[Task to complete]: Go through the entries below and collect each line with the string "assumes" in it.

[Working data]:

◆ ◆ ◆ ◆

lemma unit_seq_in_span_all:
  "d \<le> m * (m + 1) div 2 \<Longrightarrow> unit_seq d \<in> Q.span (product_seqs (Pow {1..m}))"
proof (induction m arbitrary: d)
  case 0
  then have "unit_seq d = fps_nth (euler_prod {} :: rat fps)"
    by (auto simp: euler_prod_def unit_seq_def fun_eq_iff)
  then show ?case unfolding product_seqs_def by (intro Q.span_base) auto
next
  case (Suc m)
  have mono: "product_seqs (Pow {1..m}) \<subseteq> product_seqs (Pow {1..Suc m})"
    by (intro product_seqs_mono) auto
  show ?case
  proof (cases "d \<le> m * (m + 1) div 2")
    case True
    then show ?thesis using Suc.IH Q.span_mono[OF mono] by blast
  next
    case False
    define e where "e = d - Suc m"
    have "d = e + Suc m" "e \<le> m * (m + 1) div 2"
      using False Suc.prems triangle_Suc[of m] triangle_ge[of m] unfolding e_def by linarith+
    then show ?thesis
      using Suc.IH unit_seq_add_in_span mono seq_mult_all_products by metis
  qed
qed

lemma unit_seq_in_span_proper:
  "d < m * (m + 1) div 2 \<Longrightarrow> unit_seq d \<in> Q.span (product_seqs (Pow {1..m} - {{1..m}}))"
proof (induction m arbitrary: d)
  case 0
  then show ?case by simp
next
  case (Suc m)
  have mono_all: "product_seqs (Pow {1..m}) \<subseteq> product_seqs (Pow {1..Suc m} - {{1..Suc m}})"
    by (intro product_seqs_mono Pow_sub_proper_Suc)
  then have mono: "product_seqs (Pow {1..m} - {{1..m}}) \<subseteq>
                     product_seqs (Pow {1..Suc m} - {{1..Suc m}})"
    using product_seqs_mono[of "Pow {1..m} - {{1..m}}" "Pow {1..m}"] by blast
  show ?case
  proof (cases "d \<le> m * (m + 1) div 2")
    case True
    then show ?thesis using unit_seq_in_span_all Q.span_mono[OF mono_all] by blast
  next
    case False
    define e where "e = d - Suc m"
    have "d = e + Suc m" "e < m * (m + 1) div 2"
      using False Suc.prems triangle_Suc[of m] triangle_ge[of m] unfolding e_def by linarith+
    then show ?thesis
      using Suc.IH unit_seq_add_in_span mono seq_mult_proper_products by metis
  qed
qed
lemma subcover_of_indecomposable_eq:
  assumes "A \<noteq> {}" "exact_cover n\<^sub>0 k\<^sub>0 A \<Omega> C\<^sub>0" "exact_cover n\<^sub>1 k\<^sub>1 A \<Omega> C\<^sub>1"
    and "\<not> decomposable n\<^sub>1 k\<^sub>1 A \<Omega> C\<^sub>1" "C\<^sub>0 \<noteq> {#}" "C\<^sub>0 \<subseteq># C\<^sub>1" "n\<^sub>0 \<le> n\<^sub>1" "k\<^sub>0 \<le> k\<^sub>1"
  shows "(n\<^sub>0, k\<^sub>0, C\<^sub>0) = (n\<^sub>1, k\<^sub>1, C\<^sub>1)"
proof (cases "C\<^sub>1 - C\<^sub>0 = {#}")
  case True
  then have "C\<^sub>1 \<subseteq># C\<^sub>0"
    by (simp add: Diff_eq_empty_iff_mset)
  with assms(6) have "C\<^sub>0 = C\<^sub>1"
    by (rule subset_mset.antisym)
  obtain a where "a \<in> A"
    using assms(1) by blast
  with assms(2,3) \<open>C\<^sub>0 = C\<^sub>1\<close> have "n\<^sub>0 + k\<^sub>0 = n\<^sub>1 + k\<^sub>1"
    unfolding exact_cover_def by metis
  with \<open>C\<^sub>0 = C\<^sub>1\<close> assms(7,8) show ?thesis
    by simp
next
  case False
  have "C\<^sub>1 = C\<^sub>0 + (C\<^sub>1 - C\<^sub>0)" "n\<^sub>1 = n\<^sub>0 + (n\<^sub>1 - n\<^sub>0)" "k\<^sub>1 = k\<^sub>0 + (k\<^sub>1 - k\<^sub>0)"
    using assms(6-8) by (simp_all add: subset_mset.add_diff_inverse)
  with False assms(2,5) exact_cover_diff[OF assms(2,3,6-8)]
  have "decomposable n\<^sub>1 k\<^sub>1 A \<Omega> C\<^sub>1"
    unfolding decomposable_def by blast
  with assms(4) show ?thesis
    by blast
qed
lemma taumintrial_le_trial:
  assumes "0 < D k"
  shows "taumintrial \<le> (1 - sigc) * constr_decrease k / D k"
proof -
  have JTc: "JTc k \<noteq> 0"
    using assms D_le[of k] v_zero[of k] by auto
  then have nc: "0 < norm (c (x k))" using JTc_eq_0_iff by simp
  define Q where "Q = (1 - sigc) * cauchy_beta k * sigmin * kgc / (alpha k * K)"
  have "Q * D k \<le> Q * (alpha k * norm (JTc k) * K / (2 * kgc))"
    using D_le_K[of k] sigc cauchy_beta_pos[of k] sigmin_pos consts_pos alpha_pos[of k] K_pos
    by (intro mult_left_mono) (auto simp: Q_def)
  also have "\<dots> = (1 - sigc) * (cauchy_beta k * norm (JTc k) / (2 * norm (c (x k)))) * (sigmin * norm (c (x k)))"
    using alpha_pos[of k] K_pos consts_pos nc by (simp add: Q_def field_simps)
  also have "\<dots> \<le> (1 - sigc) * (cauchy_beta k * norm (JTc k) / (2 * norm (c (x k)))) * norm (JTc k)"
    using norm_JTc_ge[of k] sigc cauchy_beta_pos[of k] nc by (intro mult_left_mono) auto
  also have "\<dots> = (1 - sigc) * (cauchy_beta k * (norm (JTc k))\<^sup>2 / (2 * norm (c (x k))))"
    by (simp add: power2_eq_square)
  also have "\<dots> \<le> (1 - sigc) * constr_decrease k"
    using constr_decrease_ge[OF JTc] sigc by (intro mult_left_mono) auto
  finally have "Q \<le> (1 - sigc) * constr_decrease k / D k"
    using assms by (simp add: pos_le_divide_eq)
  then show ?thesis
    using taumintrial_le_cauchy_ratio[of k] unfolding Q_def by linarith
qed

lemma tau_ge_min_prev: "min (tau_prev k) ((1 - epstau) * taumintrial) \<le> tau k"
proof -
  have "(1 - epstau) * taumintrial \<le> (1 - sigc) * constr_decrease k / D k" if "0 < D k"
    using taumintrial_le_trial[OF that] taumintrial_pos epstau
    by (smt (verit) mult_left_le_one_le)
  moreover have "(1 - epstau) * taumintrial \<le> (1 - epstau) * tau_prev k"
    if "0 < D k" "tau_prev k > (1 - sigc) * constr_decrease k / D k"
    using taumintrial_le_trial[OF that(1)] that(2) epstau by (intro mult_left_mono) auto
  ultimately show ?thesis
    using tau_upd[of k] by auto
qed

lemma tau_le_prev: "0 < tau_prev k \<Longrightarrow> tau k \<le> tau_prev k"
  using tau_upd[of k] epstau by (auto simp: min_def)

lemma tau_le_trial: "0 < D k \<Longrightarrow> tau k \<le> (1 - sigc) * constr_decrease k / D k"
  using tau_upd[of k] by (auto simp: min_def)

◆ ◆ ◆ ◆

[Answer for this exercise]:
  assumes "A \<noteq> {}" "exact_cover n\<^sub>0 k\<^sub>0 A \<Omega> C\<^sub>0" "exact_cover n\<^sub>1 k\<^sub>1 A \<Omega> C\<^sub>1"
  assumes "0 < D k"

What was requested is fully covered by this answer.